Which is to say, if I set the timeout to 30, I don't get any replies (I looks like salt is handling the get_dir sub-commands 'breadth-first', so no single minion completes in the first 30 seconds). If I set the timeout to 90 seconds they are return, but I have to wait the full 90 seconds since there are down hosts (and in production, we will probably always have a non-0 number of hosts offline for maintenance of some type).
What I'd really _like_ the logc to be is something like:
- PUB the jid to all minions
- The minions send back a status jid_in_progress {jid: 1234..} event every X seconds (configurable, something like jid_event_interval, default 10 seconds-ish).
- Consider the jid done when one of:
-- all minions are accounted for
-- the timeout is hit
-- no minion has sent a jid_in_progress event in for my jid in X seconds (configurable, something like jid_event_timeout, default to something like 2x the minion jid_event_interval default)
Of course, this would only work if:
- Some of the minions can reliably send a jid_in_progress event
- These events can be propagated back to the LocalClient and seen in the get_returns and get_iter_returns loops
So, my questions are:
- Am I on the right track here? Is this an already solved issue that I'm overlooking the solution for? Or are otehrs running into it?

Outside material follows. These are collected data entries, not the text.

lemma holomorphic_on_csinc [holomorphic_intros]:
  assumes "f holomorphic_on A"
  shows "(\<lambda>z. csinc (f z)) holomorphic_on A"
proof -
  have "csinc holomorphic_on UNIV"
    unfolding csinc_eq_slope0_sin by (intro holomorphic_slope0 holomorphic_intros)
  then show ?thesis
    using holomorphic_on_compose[OF assms, of csinc] holomorphic_on_subset by (auto simp: o_def)
qed

lemma continuous_on_csinc [continuous_intros]:
  assumes "continuous_on A f"
  shows "continuous_on A (\<lambda>z. csinc (f z))"
proof -
  have "continuous_on UNIV csinc"
    using holomorphic_on_csinc[of "\<lambda>z. z" UNIV] by (simp add: holomorphic_on_imp_continuous_on)
  then show ?thesis by (rule continuous_on_compose2[OF _ assms]) auto
qed

lemma csinc_0 [simp]: "csinc 0 = 1"
  by (simp add: csinc_def)

lemma csinc_of_real: "csinc (of_real x) = of_real (if x = 0 then 1 else sin x / x)"
  by (simp add: csinc_def sin_of_real[symmetric] del: sin_of_real)

lemma norm_csinc_of_real_le_1: "norm (csinc (of_real x)) \<le> 1"
  using abs_sin_x_le_abs_x[of x] by (simp add: csinc_of_real divide_le_eq_1)

lemma mult_csinc_mult: "z \<noteq> 0 \<Longrightarrow> c * csinc (c * z) = sin (c * z) / z"
  by (cases "c = 0") (simp_all add: csinc_def)

lemma norm_sin_le_exp_abs_Im: "norm (sin z) \<le> exp \<bar>Im z\<bar>"
  using cmod_sin_le_exp[of 1 z] by simp

lemma norm_csinc_le: "\<exists>K>0. \<forall>z. norm (csinc z) \<le> K * exp \<bar>Im z\<bar> / (1 + norm z)"
proof -
  have "compact (csinc ` cball 0 1)"
    by (intro compact_continuous_image continuous_intros) auto
  then obtain M where M: "M > 0" "\<And>z. norm z \<le> 1 \<Longrightarrow> norm (csinc z) \<le> M"
    by (metis compact_imp_bounded bounded_pos image_eqI mem_cball_0)
  have "norm (csinc z) \<le> (2 * M + 2) * exp \<bar>Im z\<bar> / (1 + norm z)" for z
  proof (cases "norm z \<le> 1")
    case True
    then have "(1 + norm z) * norm (csinc z) \<le> 2 * M"
      using M by (intro mult_mono) auto
    also have "\<dots> \<le> (2 * M + 2) * 1" by simp
    also have "\<dots> \<le> (2 * M + 2) * exp \<bar>Im z\<bar>"
      using M by (intro mult_left_mono) auto
    finally show ?thesis by (simp add: field_simps add_pos_nonneg)
  next
    case False
    have "(1 + norm z) * norm (csinc z) = (1 + norm z) / norm z * norm (sin z)"
      using False by (auto simp: csinc_def norm_divide)
    also have "\<dots> \<le> 2 * exp \<bar>Im z\<bar>"
    proof (rule mult_mono)
      show "(1 + norm z) / norm z \<le> 2" using False by (simp add: divide_le_eq)
    qed (simp_all add: norm_sin_le_exp_abs_Im)
    also have "\<dots> \<le> (2 * M + 2) * exp \<bar>Im z\<bar>"
      using M by (intro mult_right_mono) auto
    finally show ?thesis by (simp add: field_simps add_pos_nonneg)
  qed
  then show ?thesis using M by (intro exI[of _ "2 * M + 2"]) auto
qed

lemma norm_csinc_scaled_le:
  fixes b :: real
  assumes b: "b > 0"
  shows "\<exists>K>0. \<forall>z. norm (csinc (of_real b * z)) \<le> K * exp (b * \<bar>Im z\<bar>) / (1 + norm z)"
proof -
  obtain K where K: "K > 0" "\<And>z. norm (csinc z) \<le> K * exp \<bar>Im z\<bar> / (1 + norm z)"
    using norm_csinc_le by blast
  define m where "m = min 1 b"
  have m: "m > 0" "m \<le> 1" "m \<le> b" using b by (auto simp: m_def)
  have "norm (csinc (of_real b * z)) \<le> K / m * exp (b * \<bar>Im z\<bar>) / (1 + norm z)" for z
  proof -
    have "m * (1 + norm z) \<le> 1 + b * norm z"
      using m by (simp add: algebra_simps) (metis add_mono mult_right_mono norm_ge_zero)
    then have "K * exp (b * \<bar>Im z\<bar>) / (1 + b * norm z) \<le> K * exp (b * \<bar>Im z\<bar>) / (m * (1 + norm z))"
      using K m by (intro divide_left_mono) (auto intro!: mult_pos_pos add_pos_nonneg)
    then show ?thesis
      using K(2)[of "of_real b * z"] b by (simp add: norm_mult abs_mult)
  qed
  then show ?thesis using K m by (intro exI[of _ "K / m"]) auto
qed

section \<open>Reproducing formula for the sinc kernel\<close>

lemma norm_contour_integral_linepath_add_le:
  fixes G L :: "complex \<Rightarrow> complex"
  assumes G: "continuous_on (closed_segment p q) G"
    and L: "\<And>z. z \<in> closed_segment p q \<Longrightarrow> (L has_field_derivative 1 / z) (at z)"
    and bound: "\<And>z. z \<in> closed_segment p q \<Longrightarrow> norm (G z + c / z) \<le> M"
  shows "norm (contour_integral (linepath p q) G + c * (L q - L p)) \<le> M * norm (q - p)"
proof -
  have "(G has_contour_integral contour_integral (linepath p q) G) (linepath p q)"
    using G by (intro has_contour_integral_integral contour_integrable_continuous_linepath)
  moreover have "((\<lambda>z. 1 / z) has_contour_integral (L q - L p)) (linepath p q)"
    using contour_integral_primitive[of "closed_segment p q" L "\<lambda>z. 1 / z" "linepath p q"] L
    by (auto intro: has_field_derivative_at_within)
  ultimately have "((\<lambda>z. G z + c * (1 / z)) has_contour_integral
      contour_integral (linepath p q) G + c * (L q - L p)) (linepath p q)"
    by (intro has_contour_integral_add has_contour_integral_lmul)
  moreover have "M \<ge> 0"
    using order_trans[OF norm_ge_zero bound[OF ends_in_segment(1)]] .
  ultimately show ?thesis
    by (rule has_contour_integral_bound_linepath) (use bound in auto)
qed

lemma has_field_derivative_Ln_minus_i_mult:
  assumes "Im z \<ge> 0" "z \<noteq> 0"
  shows "((\<lambda>w. Ln (- \<i> * w)) has_field_derivative 1 / z) (at z)"
proof -
  have "- \<i> * z \<notin> \<real>\<^sub>\<le>\<^sub>0"
    using assms by (auto simp: complex_nonpos_Reals_iff complex_eq_iff)
  then show ?thesis
    using assms by (auto intro!: derivative_eq_intros simp: field_simps)
qed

- Can the events be generated via SaltEvent and access in the LocalClient? Is that what get_event_iter_returns is for?
- Is there anything else I should be leveraging for such a system? Especially wondering if anything new the develop branch with overstate and reactive I should be looking for.
If this is something worth pursuing I'd like to try to tackle it sometime in December (and hopefully get back to my TLS/x509 support as well, but we'll see).
Thanks,
Ryan